TRY IT: Check every line of the entries for "shows", and copy the lines that hold it.

AVAILABLE DATA:
▼▼▼

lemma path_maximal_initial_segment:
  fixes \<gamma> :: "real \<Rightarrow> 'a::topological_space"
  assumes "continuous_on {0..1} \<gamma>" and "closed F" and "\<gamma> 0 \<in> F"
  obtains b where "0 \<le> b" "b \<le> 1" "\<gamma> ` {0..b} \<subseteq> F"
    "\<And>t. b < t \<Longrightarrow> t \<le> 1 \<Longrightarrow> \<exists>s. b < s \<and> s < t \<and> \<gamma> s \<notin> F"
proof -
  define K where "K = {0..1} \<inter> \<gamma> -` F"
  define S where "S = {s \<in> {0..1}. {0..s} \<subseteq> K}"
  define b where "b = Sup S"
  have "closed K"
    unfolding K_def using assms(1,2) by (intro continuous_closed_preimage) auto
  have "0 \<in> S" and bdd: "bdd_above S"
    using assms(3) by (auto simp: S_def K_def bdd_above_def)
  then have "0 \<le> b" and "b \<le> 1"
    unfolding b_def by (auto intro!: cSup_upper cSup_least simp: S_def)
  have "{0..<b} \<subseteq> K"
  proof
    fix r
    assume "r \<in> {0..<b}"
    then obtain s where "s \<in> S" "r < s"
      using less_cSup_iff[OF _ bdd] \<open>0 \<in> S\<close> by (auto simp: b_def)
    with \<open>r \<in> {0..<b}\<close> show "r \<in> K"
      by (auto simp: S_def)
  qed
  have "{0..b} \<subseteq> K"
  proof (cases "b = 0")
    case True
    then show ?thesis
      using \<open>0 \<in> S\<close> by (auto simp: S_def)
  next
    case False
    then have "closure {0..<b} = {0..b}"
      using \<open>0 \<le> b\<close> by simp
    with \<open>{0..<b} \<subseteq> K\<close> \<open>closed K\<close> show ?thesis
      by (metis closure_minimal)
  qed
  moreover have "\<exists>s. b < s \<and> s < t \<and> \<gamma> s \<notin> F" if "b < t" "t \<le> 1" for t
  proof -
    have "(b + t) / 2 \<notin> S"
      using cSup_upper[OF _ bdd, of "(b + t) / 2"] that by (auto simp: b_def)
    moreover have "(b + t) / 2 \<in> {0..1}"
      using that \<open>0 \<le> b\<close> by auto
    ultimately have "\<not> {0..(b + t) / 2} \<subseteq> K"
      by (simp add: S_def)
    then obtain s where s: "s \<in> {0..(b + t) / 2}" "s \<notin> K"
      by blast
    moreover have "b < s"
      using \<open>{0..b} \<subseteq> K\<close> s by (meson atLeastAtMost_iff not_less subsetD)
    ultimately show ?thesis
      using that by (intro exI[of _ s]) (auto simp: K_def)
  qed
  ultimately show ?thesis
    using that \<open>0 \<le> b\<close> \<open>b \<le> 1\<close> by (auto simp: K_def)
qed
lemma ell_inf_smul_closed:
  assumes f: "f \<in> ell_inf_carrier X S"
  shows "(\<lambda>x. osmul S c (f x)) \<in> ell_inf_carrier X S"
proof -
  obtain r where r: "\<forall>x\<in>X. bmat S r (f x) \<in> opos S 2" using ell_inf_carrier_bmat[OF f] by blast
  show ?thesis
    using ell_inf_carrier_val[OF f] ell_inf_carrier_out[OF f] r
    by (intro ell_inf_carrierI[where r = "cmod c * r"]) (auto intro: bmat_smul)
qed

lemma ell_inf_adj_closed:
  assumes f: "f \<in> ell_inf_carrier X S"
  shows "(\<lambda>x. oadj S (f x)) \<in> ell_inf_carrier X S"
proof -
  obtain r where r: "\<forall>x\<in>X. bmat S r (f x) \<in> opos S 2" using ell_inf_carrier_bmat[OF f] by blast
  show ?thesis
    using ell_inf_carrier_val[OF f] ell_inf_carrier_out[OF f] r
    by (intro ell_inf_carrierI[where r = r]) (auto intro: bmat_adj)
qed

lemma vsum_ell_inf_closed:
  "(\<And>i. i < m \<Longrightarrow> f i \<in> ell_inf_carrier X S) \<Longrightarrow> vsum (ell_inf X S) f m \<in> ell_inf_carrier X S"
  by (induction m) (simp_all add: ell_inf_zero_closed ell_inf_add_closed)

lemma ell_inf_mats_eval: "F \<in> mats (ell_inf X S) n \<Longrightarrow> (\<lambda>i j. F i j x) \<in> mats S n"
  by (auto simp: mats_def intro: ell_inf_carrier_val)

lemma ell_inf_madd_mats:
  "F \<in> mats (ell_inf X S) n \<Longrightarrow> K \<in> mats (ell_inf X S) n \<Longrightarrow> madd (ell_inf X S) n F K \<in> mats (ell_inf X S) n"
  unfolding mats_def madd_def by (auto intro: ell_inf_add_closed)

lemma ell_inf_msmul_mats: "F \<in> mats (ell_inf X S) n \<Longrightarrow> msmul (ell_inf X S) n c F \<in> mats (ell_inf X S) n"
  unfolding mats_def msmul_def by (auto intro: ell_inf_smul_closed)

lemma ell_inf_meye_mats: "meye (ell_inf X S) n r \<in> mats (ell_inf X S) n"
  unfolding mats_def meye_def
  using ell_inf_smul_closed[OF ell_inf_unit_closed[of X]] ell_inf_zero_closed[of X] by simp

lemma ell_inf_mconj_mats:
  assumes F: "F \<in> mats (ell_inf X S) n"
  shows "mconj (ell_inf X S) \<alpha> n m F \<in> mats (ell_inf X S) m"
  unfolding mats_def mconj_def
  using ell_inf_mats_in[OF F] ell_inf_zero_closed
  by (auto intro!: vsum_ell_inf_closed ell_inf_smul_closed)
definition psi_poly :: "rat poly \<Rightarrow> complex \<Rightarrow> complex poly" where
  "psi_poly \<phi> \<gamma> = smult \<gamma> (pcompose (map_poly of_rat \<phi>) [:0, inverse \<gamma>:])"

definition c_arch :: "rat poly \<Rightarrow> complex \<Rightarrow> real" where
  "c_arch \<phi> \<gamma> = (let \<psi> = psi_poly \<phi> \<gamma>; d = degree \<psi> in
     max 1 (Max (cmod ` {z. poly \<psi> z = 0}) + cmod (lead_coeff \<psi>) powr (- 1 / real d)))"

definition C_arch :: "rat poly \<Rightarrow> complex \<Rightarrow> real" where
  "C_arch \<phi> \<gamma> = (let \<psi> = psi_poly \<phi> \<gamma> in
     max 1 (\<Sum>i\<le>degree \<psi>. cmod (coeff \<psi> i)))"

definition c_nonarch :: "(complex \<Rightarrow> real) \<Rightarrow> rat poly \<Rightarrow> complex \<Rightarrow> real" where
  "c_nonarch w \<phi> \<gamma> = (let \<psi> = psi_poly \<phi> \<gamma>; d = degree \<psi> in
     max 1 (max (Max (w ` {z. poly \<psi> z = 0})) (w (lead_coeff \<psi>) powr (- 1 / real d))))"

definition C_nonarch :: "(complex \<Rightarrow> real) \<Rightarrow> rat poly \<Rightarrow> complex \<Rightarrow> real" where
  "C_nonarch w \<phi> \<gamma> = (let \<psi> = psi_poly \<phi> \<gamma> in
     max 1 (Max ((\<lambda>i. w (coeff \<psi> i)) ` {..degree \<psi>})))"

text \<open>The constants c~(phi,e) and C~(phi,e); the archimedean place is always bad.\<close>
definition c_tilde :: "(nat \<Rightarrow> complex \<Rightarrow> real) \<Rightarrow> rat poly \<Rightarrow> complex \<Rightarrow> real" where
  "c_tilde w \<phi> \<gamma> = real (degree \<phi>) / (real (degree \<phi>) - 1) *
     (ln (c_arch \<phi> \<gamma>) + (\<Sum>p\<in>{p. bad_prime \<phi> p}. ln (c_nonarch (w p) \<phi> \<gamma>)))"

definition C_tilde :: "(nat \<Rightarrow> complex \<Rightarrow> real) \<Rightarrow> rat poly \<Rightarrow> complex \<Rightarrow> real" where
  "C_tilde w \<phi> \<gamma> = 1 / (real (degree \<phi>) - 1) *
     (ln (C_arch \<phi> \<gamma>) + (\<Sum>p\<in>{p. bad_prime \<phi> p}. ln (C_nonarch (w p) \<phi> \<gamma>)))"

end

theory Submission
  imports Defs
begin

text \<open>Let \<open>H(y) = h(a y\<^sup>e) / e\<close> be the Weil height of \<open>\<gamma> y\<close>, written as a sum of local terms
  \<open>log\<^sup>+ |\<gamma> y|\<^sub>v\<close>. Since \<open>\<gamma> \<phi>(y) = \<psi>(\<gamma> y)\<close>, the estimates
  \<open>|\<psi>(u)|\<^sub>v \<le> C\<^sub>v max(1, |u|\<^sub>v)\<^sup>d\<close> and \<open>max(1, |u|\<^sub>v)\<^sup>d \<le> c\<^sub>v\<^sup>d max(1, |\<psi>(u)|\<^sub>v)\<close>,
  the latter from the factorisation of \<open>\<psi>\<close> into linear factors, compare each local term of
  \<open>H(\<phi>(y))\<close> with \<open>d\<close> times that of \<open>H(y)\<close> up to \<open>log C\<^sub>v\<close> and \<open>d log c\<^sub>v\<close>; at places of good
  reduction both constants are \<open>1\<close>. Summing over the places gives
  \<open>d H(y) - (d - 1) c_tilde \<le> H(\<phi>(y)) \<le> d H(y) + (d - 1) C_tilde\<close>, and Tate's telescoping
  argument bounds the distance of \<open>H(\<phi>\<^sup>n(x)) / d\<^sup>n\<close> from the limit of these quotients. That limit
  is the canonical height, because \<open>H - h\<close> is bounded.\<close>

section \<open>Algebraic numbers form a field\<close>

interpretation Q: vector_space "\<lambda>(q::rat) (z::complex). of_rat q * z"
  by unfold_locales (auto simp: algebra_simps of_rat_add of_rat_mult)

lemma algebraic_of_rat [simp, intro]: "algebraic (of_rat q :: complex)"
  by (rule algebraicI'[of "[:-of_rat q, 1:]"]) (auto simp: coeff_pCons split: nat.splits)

▲▲▲

ANSWER TO THE PROBLEM:
  shows "(\<lambda>x. osmul S c (f x)) \<in> ell_inf_carrier X S"
  shows "(\<lambda>x. oadj S (f x)) \<in> ell_inf_carrier X S"
  shows "mconj (ell_inf X S) \<alpha> n m F \<in> mats (ell_inf X S) m"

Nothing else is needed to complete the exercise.